English Historical Linguistics. Volume 1
Title | English Historical Linguistics. Volume 1 PDF eBook |
Author | Alexander Bergs |
Publisher | Walter de Gruyter |
Pages | 1196 |
Release | 2012-05-29 |
Genre | Language Arts & Disciplines |
ISBN | 3110251590 |
No detailed description available for "HIST. LINGUISTICS (BERGS/BRINTON) 1.TLBD HSK 34.1 E-BOOK".
Aspects of Samuel Johnson
Title | Aspects of Samuel Johnson PDF eBook |
Author | Howard D. Weinbrot |
Publisher | University of Delaware Press |
Pages | 436 |
Release | 2005 |
Genre | Literary Criticism |
ISBN | 9780874138740 |
Howard D. Weinbrot's Aspects of Samuel Johnson: Essays on His Arts, Mind, Afterlife, and Politics collects earlier and new essays on Johnson's varied achievements in lexicography, poetry, narrative, and prose style. It considers Johnson's uses of the general and the particular as they relate to the reader's role in the creative process, his complex approach to the concept of literary genre, and his resolutely in-human view of skepticism.

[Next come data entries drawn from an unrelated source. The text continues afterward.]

lemma symmetric_on_subset: "symmetric_on V t \<Longrightarrow> W \<subseteq> V \<Longrightarrow> symmetric_on W t"
  unfolding symmetric_on_def by blast

lemma rainbow_free_subset: "rainbow_free V t \<Longrightarrow> W \<subseteq> V \<Longrightarrow> rainbow_free W t"
  unfolding rainbow_free_def by blast

lemma colour_class_rtranclp_sym:
  assumes "symmetric_on V t" "(colour_class V t j)\<^sup>*\<^sup>* x y"
  shows "(colour_class V t j)\<^sup>*\<^sup>* y x"
proof -
  have "symp (colour_class V t j)"
    using assms(1) unfolding symp_def colour_class_def symmetric_on_def by metis
  then show ?thesis using assms(2) by (meson symp_rtranclp sympD)
qed

lemma colour_to_other_component_constant:
  assumes rf: "rainbow_free V t" and path: "(colour_class V t a)\<^sup>*\<^sup>* x x'"
    and z: "z \<in> V" "\<not> (colour_class V t a)\<^sup>*\<^sup>* x z"
  shows "t x' z = t x z"
  using path
proof (induction rule: rtranclp_induct)
  case base
  show ?case ..
next
  case (step y x')
  let ?R = "(colour_class V t a)\<^sup>*\<^sup>*"
  have e: "y \<in> V" "x' \<in> V" "y \<noteq> x'" "t y x' = a"
    using step.hyps(2) unfolding colour_class_def by auto
  have "?R x x'" using step.hyps by (rule rtranclp.rtrancl_into_rtrancl)
  have off_class: "t w z \<noteq> a" if "?R x w" "w \<in> V" for w
  proof
    assume "t w z = a"
    moreover have "w \<noteq> z" using that z(2) by auto
    ultimately have "colour_class V t a w z" using that(2) z(1) unfolding colour_class_def by simp
    then show False using that(1) z(2) by (meson rtranclp.rtrancl_into_rtrancl)
  qed
  have "y \<noteq> z" "x' \<noteq> z" using step.hyps(1) \<open>?R x x'\<close> z(2) by auto
  then have "t y x' = t x' z \<or> t x' z = t y z \<or> t y x' = t y z"
    using rainbow_freeD[OF rf e(1,2) z(1) e(3)] by blast
  then show ?case
    using step.IH e(4) off_class[OF step.hyps(1) e(1)] off_class[OF \<open>?R x x'\<close> e(2)] by auto
qed

text \<open>A walk of colour \<open>a\<close> that leaves a colour-\<open>a\<close> component of \<open>W\<close> must pass through the extra
  vertex \<open>v\<close>, so some vertex of the component is joined to \<open>v\<close> in colour \<open>a\<close>.\<close>
lemma component_exit_through_vertex:
  assumes sym: "symmetric_on (insert v W) t"
    and path: "(colour_class (insert v W) t a)\<^sup>*\<^sup>* z y"
    and "z \<in> W" "y \<in> W" "\<not> (colour_class W t a)\<^sup>*\<^sup>* z y"
  shows "\<exists>u\<in>W. (colour_class W t a)\<^sup>*\<^sup>* z u \<and> t v u = a"
proof -
  let ?R = "(colour_class W t a)\<^sup>*\<^sup>*"
  from path have "(\<exists>u\<in>W. ?R z u \<and> t v u = a) \<or> (y \<in> W \<and> ?R z y)"
  proof (induction rule: rtranclp_induct)
    case base
    then show ?case using \<open>z \<in> W\<close> by simp
  next
    case (step w w')
    have e: "w \<in> insert v W" "w' \<in> insert v W" "w \<noteq> w'" "t w w' = a"
      using step.hyps(2) unfolding colour_class_def by auto
    show ?case
    proof (cases "w' = v")
      case True
      then have "t v w = a" using symmetric_onD[OF sym e(1,2,3)] e(4) by simp
      then show ?thesis using step.IH by blast
    next
      case False
      with e(2) have "w' \<in> W" by simp
      then have "colour_class W t a w w'" if "w \<in> W"
        using e(3,4) that unfolding colour_class_def by simp
      then show ?thesis using step.IH \<open>w' \<in> W\<close> by (meson rtranclp.rtrancl_into_rtrancl)
    qed
  qed
  then show ?thesis using assms(5) by blast
qed

lemma colour_between_components:
  assumes sym: "symmetric_on (insert v W) t" and rf: "rainbow_free (insert v W) t" and "v \<notin> W"
    and conn: "(colour_class (insert v W) t a)\<^sup>*\<^sup>* z2 z1"
    and z: "z1 \<in> W" "z2 \<in> W" "\<not> (colour_class W t a)\<^sup>*\<^sup>* z2 z1"
    and b: "t v z1 = b" "b \<noteq> a"
  shows "t z2 z1 = b"
proof -
  let ?R = "(colour_class W t a)\<^sup>*\<^sup>*"
  obtain u where u: "u \<in> W" "?R z2 u" "t v u = a"
    using component_exit_through_vertex[OF sym conn z(2) z(1) z(3)] by blast
  have "?R u z2"
    using colour_class_rtranclp_sym[OF symmetric_on_subset[OF sym] u(2)] by blast
  have "\<not> ?R u z1" using u(2) z(3) by (meson rtranclp_trans)
  then have "u \<noteq> z1" by auto
  then have "t u z1 \<noteq> a" using \<open>\<not> ?R u z1\<close> u(1) z(1) unfolding colour_class_def by blast
  have "v \<noteq> u" "v \<noteq> z1" using u(1) z(1) \<open>v \<notin> W\<close> by auto
  then have "t v u = t u z1 \<or> t u z1 = t v z1 \<or> t v u = t v z1"
    using rainbow_freeD[OF rf _ _ _ _ \<open>u \<noteq> z1\<close>] u(1) z(1) by simp
  with \<open>t u z1 \<noteq> a\<close> u(3) b have "t u z1 = b" by auto
  moreover have "t z2 z1 = t u z1"
    using colour_to_other_component_constant[OF rainbow_free_subset[OF rf] \<open>?R u z2\<close> z(1)]
      \<open>\<not> ?R u z1\<close> by blast
  ultimately show ?thesis by simp
qed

Words, Books, Images, and the Long Eighteenth Century
Title | Words, Books, Images, and the Long Eighteenth Century PDF eBook |
Author | Antoinina Bevan Zlatar |
Publisher | John Benjamins Publishing Company |
Pages | 270 |
Release | 2021-12-15 |
Genre | Literary Criticism |
ISBN | 9027258449 |
The essays collected in this volume engage in a conversation among lexicography, the culture of the book, and the canonization and commemoration of English literary figures and their works in the long eighteenth century. The source of inspiration for each piece is Allen Reddick’s scholarship on Samuel Johnson (1709-1784), the great English lexicographer whose Dictionary (1755) included thousands upon thousands of illustrative quotations from the “best” authors, and, more recently, on Thomas Hollis (1720-1774), the much less well-known bibliophile who sent gifts of books by a pantheon of Whig authors to individuals and libraries in Britain, Protestant bastions in continental Europe, and America. Between the covers of Words, Books, Images readers will encounter canonical English authors of prose and poetry—Bacon, Milton, Defoe, Dryden, Pope, Richardson, Swift, Byron, Mary Shelley, and Edward Lear. But they will also become acquainted with the agents of their canonization and commemoration—the printers and publishers of Grub Street, the biographer John Aubrey, the lexicographer and biographer Johnson, the bibliophile Hollis, and the portrait painter Reynolds. No less crucially, they will meet fellow readers of then and now—women and men who peruse, poach, snip, and savour a book’s every word and image.